A hybrid isogeometric and finite element method: NURBS-enhanced finite element method for hexahedral meshes (NEFEM-HEX)

TL;DR

This paper introduces a NURBS-enhanced finite element method for hexahedral meshes that combines geometric accuracy with computational efficiency, enabling improved simulations of complex 3D domains.

Contribution

It develops a novel hybrid approach integrating NURBS boundary representation into finite element analysis with specialized quadrature and interpolation techniques.

Findings

The method achieves optimal a priori error estimates in the $H^{1}$ norm.

Numerical results validate the theoretical error bounds.

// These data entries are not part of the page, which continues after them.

lemma measurable_excursion_reward:
  "(\<lambda>w. real_of_int (\<Sum>i<return_time R w. (r :: 's::finite \<Rightarrow> int) (w i)))
     \<in> borel_measurable (path_space :: (nat \<Rightarrow> 's) measure)"
proof -
  have "(\<lambda>w. (\<lambda>k w. \<Sum>i<k. real_of_int (r (w i))) (return_time R w) w)
      \<in> borel_measurable (path_space :: (nat \<Rightarrow> 's) measure)"
    by (rule measurable_compose_countable'[OF _ measurable_return_time]) auto
  then show ?thesis by simp
qed

context fixes K :: "'s::finite \<Rightarrow> 's pmf" begin

lemma nn_exp_weight_before_step:
  "nn_exp K x (weight_before R v) = (if x \<in> R then 0
     else ennreal (v x) + (\<Sum>s\<in>UNIV. ennreal (pmf (K x) s) * nn_exp K s (weight_before R v)))"
proof -
  have "nn_exp K s (\<lambda>w. weight_before R v (case_nat x w))
      = (if x \<in> R then 0 else ennreal (v x) + nn_exp K s (weight_before R v))" for s
    by (cases "x \<in> R") (simp_all add: weight_before_case_nat nn_exp_add)
  then show ?thesis
    by (cases "x \<in> R")
       (simp_all add: nn_exp_first_step[OF measurable_weight_before] step_mean_ennreal_add_const)
qed

lemma nn_exp_excursion_weight_step:
  "nn_exp K x (excursion_weight R v)
     = ennreal (v x) + (\<Sum>s\<in>UNIV. ennreal (pmf (K x) s) * nn_exp K s (weight_before R v))"
  by (simp add: nn_exp_first_step[OF measurable_excursion_weight] excursion_weight_case_nat
      nn_exp_add step_mean_ennreal_add_const)

definition hitting_value :: "'s set \<Rightarrow> ('s \<Rightarrow> real) \<Rightarrow> 's \<Rightarrow> real" where
  "hitting_value R v x = enn2real (nn_exp K x (weight_before R v))"

lemma hitting_value_nonneg: "0 \<le> hitting_value R v x"
  unfolding hitting_value_def by simp

end

context fixes K :: "'s::finite \<Rightarrow> 's pmf" and R :: "'s set"
  assumes irr: "irreducible K" and R_nonempty: "R \<noteq> {}"
begin

(* The time spent outside R has finite expectation, hence so does any bounded weight. *)
lemma nn_exp_weight_before_finite: "nn_exp K x (weight_before R v) < \<infinity>"
proof -
  obtain B where vB: "\<And>s. v s \<le> B" using finite_abs_bound[of v] by (meson abs_ge_self order_trans)
  have "nn_exp K x (weight_before R v)
      \<le> nn_exp K x (\<lambda>w. \<Sum>n. ennreal B * (if \<forall>i<Suc n. w i \<notin> R then 1 else 0))"
    unfolding weight_before_def by (intro nn_exp_mono suminf_le) (auto simp: vB ennreal_leI)
  also have "\<dots> = (\<Sum>n. ennreal B * ennreal (avoid_prob K R (Suc n) x))"
    by (simp add: nn_exp_suminf nn_exp_cmult nn_exp_avoid del: avoid_prob.simps)
  also have "\<dots> = ennreal B * (\<Sum>n. ennreal (avoid_prob K R (Suc n) x))"
    by (rule ennreal_suminf_cmult)
  also have "\<dots> < \<infinity>"
    using avoid_prob_suminf_finite[OF irr R_nonempty] by (simp add: ennreal_mult_less_top)
  finally show ?thesis .
qed
(* There exists an infinite symmetric matrix $M=\{m_{i,j}\}_{i,j\in \mathbf{N}}$ such that: (i) every entry $m_{i,j}$ equals $0$ or $1/4$; (ii) the support (set of indices of nonzero entries) of each row and of each column has cardinality $4$; (iii) $I-M$, acting as an operator on $\ell^2(\mathbf{N})$, is invertible on $\ell^2(\mathbf{N})$, but $I-M$, acting as an operator on $\ell^{\infty}(\mathbf{N})$, is not invertible on $\ell^{\infty}(\mathbf{N})$.
   Context: An infinite matrix $M=\{m_{i,j}\}_{i,j\in\mathbf{N}}$ acts on sequences by $(Mf)(i)=\sum_j m_{i,j}f(j)$; since each row and column has finitely many nonzero entries bounded by $1/4$, $M$ defines a bounded operator on $\ell^p(\mathbf{N})$ for every $1\le p\le\infty$. $I$ denotes the identity matrix/operator. *)

theory Defs
  imports "HOL-Analysis.Analysis"
begin

text \<open>Infinite matrices indexed by nat, acting on real sequences. Every row of the
matrices considered has finite support, so the action is a finite sum.\<close>

definition mat_apply :: "(nat \<Rightarrow> nat \<Rightarrow> real) \<Rightarrow> (nat \<Rightarrow> real) \<Rightarrow> nat \<Rightarrow> real" where
  "mat_apply M f i = (\<Sum>j\<in>{j. M i j \<noteq> 0}. M i j * f j)"

definition id_minus :: "(nat \<Rightarrow> nat \<Rightarrow> real) \<Rightarrow> (nat \<Rightarrow> real) \<Rightarrow> nat \<Rightarrow> real" where
  "id_minus M f i = f i - mat_apply M f i"

definition l2 :: "(nat \<Rightarrow> real) set" where
  "l2 = {f. summable (\<lambda>i. (f i)\<^sup>2)}"

definition l2_norm :: "(nat \<Rightarrow> real) \<Rightarrow> real" where
  "l2_norm f = sqrt (\<Sum>i. (f i)\<^sup>2)"

definition linf :: "(nat \<Rightarrow> real) set" where
  "linf = {f. \<exists>B. \<forall>i. \<bar>f i\<bar> \<le> B}"

definition linf_norm :: "(nat \<Rightarrow> real) \<Rightarrow> real" where
  "linf_norm f = (SUP i. \<bar>f i\<bar>)"

definition invertible_on :: "(nat \<Rightarrow> real) set \<Rightarrow> ((nat \<Rightarrow> real) \<Rightarrow> real)
    \<Rightarrow> ((nat \<Rightarrow> real) \<Rightarrow> (nat \<Rightarrow> real)) \<Rightarrow> bool" where
  "invertible_on X nX T \<longleftrightarrow>
     (\<forall>f\<in>X. T f \<in> X) \<and>
     (\<exists>S. (\<forall>f\<in>X. S f \<in> X) \<and> (\<exists>C. \<forall>f\<in>X. nX (S f) \<le> C * nX f) \<and>
          (\<forall>f\<in>X. S (T f) = f) \<and> (\<forall>f\<in>X. T (S f) = f))"

end

theory Submission
  imports Defs
begin

text \<open>Take \<open>M = A/4\<close>, where \<open>A\<close> is the adjacency matrix of the rooted ternary tree with a
  loop at the root, a 4-regular graph. Constant sequences are fixed by \<open>M\<close>, so \<open>I - M\<close> has a
  kernel in \<open>\<ell>\<^sup>\<infinity>\<close>. On \<open>\<ell>\<^sup>2\<close>, a weighted Cauchy--Schwarz inequality gives
  \<open>\<parallel>M f\<parallel>\<^sup>2 \<le> 25/32 \<parallel>f\<parallel>\<^sup>2\<close>, so the Neumann series \<open>\<Sum>\<^sub>k M\<^sup>k\<close> converges and inverts \<open>I - M\<close>.\<close>

lemma mat_apply_diff:
  "mat_apply M (\<lambda>i. f i - g i) = (\<lambda>i. mat_apply M f i - mat_apply M g i)"
  by (simp add: fun_eq_iff mat_apply_def right_diff_distrib sum_subtractf)

lemma id_minus_eq: "id_minus M f = (\<lambda>i. f i - mat_apply M f i)"
  by (simp add: fun_eq_iff id_minus_def)

lemma mat_apply_sums:
  assumes "\<And>j. (\<lambda>k. g k j) sums s j"
  shows "(\<lambda>k. mat_apply M (g k) i) sums mat_apply M s i"
  unfolding mat_apply_def by (intro sums_sum sums_mult assms)

lemma iterate_mat_apply_diff:
  "(mat_apply M ^^ k) (\<lambda>i. f i - g i) = (\<lambda>i. (mat_apply M ^^ k) f i - (mat_apply M ^^ k) g i)"
  by (induction k) (simp_all add: mat_apply_diff)

lemma l2_diff:
  assumes "f \<in> l2" "g \<in> l2"
  shows "(\<lambda>i. f i - g i) \<in> l2"
proof -
  have "summable (\<lambda>i. 2 * (f i)\<^sup>2 + 2 * (g i)\<^sup>2)"
    using assms unfolding l2_def by (intro summable_add summable_mult) auto
  moreover have "(f i - g i)\<^sup>2 \<le> 2 * (f i)\<^sup>2 + 2 * (g i)\<^sup>2" for i
    using zero_le_power2[of "f i + g i"] by (simp add: power2_eq_square algebra_simps)
  ultimately show ?thesis
    unfolding l2_def by (auto intro: summable_comparison_test')
qed

lemma l2_of_bounded_partial_sums:
  assumes "\<And>N. (\<Sum>i<N. (f i)\<^sup>2) \<le> B"
  shows "f \<in> l2" "(\<Sum>i. (f i)\<^sup>2) \<le> B"
proof -
  have "summable (\<lambda>i. (f i)\<^sup>2)"
    by (rule bounded_imp_summable[where B = B]) (simp, metis assms lessThan_Suc_atMost)
  then show "f \<in> l2" "(\<Sum>i. (f i)\<^sup>2) \<le> B"
    unfolding l2_def using suminf_le_const assms by blast+
qed

lemma l2_norm_nonneg: "f \<in> l2 \<Longrightarrow> 0 \<le> l2_norm f"
  unfolding l2_def l2_norm_def by (simp add: suminf_nonneg)

lemma L2_set_le_l2_norm:
  assumes "f \<in> l2"
  shows "L2_set f A \<le> l2_norm f"
proof (cases "finite A")
  case True
  have "(\<Sum>i\<in>A. (f i)\<^sup>2) \<le> (\<Sum>i. (f i)\<^sup>2)"
    using assms True by (intro sum_le_suminf) (simp_all add: l2_def)
  then show ?thesis
    unfolding L2_set_def l2_norm_def by (rule real_sqrt_le_mono)
qed (simp add: l2_norm_nonneg assms)

lemma not_invertible_on_linf_if_fixes_constants:
  assumes "mat_apply M (\<lambda>_. 1) = (\<lambda>_. 1)"
  shows "\<not> invertible_on linf nX (id_minus M)"
proof
  assume "invertible_on linf nX (id_minus M)"
  then obtain S where S: "\<And>f. f \<in> linf \<Longrightarrow> S (id_minus M f) = f"
    unfolding invertible_on_def by blast
  have "id_minus M (\<lambda>_. 1) = (\<lambda>_. 0)" "id_minus M (\<lambda>_. 0) = (\<lambda>_. 0)"
    using assms by (simp_all add: fun_eq_iff id_minus_def mat_apply_def)
  moreover have "(\<lambda>_. 1::real) \<in> linf" "(\<lambda>_. 0::real) \<in> linf"
    by (auto simp: linf_def)
  ultimately have "(\<lambda>_. 1::real) = (\<lambda>_. 0)"
    using S by metis
  then show False
    by (metis zero_neq_one)
qed

locale l2_contraction =
  fixes M :: "nat \<Rightarrow> nat \<Rightarrow> real" and q :: real
  assumes maps_l2: "f \<in> l2 \<Longrightarrow> mat_apply M f \<in> l2"
    and sum_squares_le: "f \<in> l2 \<Longrightarrow> (\<Sum>i. (mat_apply M f i)\<^sup>2) \<le> q * (\<Sum>i. (f i)\<^sup>2)"
    and q_nonneg: "0 \<le> q"
    and q_less_one: "q < 1"
begin

lemma iterate_l2:
  assumes "f \<in> l2"
  shows "(mat_apply M ^^ k) f \<in> l2 \<and> (\<Sum>i. ((mat_apply M ^^ k) f i)\<^sup>2) \<le> q ^ k * (\<Sum>i. (f i)\<^sup>2)"
proof (induction k)
  case (Suc k)
  then have "(\<Sum>i. ((mat_apply M ^^ Suc k) f i)\<^sup>2) \<le> q * (q ^ k * (\<Sum>i. (f i)\<^sup>2))"
    using sum_squares_le q_nonneg by (fastforce intro: order_trans mult_left_mono)
  with Suc show ?case
    by (simp add: maps_l2 mult.assoc)
qed (use assms in simp)
lemma eventually_le_mult_power:
  fixes q \<epsilon> x :: real
  assumes "1 < q" "0 < \<epsilon>"
  obtains N where "\<And>n. N \<le> n \<Longrightarrow> x \<le> \<epsilon> * q ^ n"
proof -
  have "\<forall>\<^sub>F n in sequentially. x / \<epsilon> < q ^ n"
    using assms(1) by (rule Archimedean_eventually_pow)
  then obtain N where "\<And>n. N \<le> n \<Longrightarrow> x / \<epsilon> < q ^ n"
    unfolding eventually_sequentially by blast
  then have "\<And>n. N \<le> n \<Longrightarrow> x \<le> \<epsilon> * q ^ n"
    using assms(2) by (simp add: pos_divide_less_eq less_imp_le mult.commute)
  then show thesis
    by (rule that)
qed

theorem mainTheorem2:
  fixes b :: nat and D :: "nat set" and \<epsilon> :: real and H :: nat
  assumes "b \<ge> 3" and "D \<subseteq> {0..<b}" and "2 \<le> card D" and "card D < b - 1"
    and "\<epsilon> > 0"
  shows "\<exists>N. \<forall>n0\<ge>N. \<exists>G kk.
           G \<subseteq> cantor_set b D \<inter> {0..<b ^ n0}
         \<and> (\<forall>k'\<in>G. \<forall>h. 0 < h \<and> h \<le> H \<longrightarrow> kk k' h \<in> cantor_set b D \<inter> {0..<b ^ n0})
         \<and> real (card G) \<ge> (1 - \<epsilon>) * real (card D) ^ n0
         \<and> (\<forall>k'\<in>G. \<forall>h. 0 < h \<and> h \<le> H \<longrightarrow> (\<forall>m\<ge>1. \<forall>n.
               cantor_enum b D n = b ^ n0 * cantor_enum b D m + k' \<longrightarrow>
                 cantor_enum b D (n + h) = b ^ n0 * cantor_enum b D m + kk k' h
               \<and> digit_sum b (cantor_enum b D (n + h))
                   = digit_sum b (cantor_enum b D m) + digit_sum b (kk k' h)))"
proof -
  have b: "b \<ge> 2"
    using assms(1) by simp
  obtain d where "d \<in> D" "d \<noteq> 0"
    using assms(3) card_mono[of "{0}" D] by fastforce
  then have inf: "infinite (cantor_set b D)"
    using infinite_cantor_set b by simp
  obtain N where N: "\<And>n. N \<le> n \<Longrightarrow> real H \<le> \<epsilon> * real (card D) ^ n"
    using eventually_le_mult_power[of "real (card D)" \<epsilon>] assms(3,5) by auto
  show ?thesis
  proof (intro exI[of _ "max N 1"] allI impI, goal_cases)
    case (1 n0)
    then have "1 \<le> n0"
      by simp
    show ?case
    proof (rule cantor_enum_block_successors[OF b assms(2) inf \<open>1 \<le> n0\<close>, of H], goal_cases)
      case (1 G kk)
      have "real (card D ^ n0) \<le> real (card G + H)"
        using 1(3) by (rule of_nat_mono)
      then have "(1 - \<epsilon>) * real (card D) ^ n0 \<le> real (card G)"
        using N[of n0] \<open>max N 1 \<le> n0\<close> by (simp add: algebra_simps)
      with 1 show ?case
        by (intro exI[of _ G] exI[of _ kk] conjI ballI allI impI) blast+
    qed
  qed
qed

end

The approach enhances simulation accuracy over complex geometries.

Abstract

In this paper, we present a NURBS-enhanced finite element method that integrates the NURBS-based boundary representation of a geometric domain into a standard finite element framework for hexahedral meshes. We decompose an open, bounded, convex three-dimensional domain with a NURBS boundary into two parts, define NURBS-enhanced finite elements over the boundary layer, and use piecewise-linear Lagrange finite elements in the interior region. We introduce a special quadrature rule and a stable interpolation operator for the NURBS-enhanced elements. We discuss how the h-refinement in finite element analysis and the knot insertion in isogeometric analysis can be utilized in the refinement of the NURBS-enhanced elements. To illustrate an application of our methodology, we utilize a generic weak formulation of a second-order linear elliptic boundary value problem and derive a priori error estimates in the $H^{1}$ norm. In addition, we use the Poisson problem as a model problem and provide numerical results that support the theoretical results. The proposed methodology combines the efficiency of finite element analysis with the geometric precision of NURBS, and may enable more accurate and efficient simulations over complex geometries.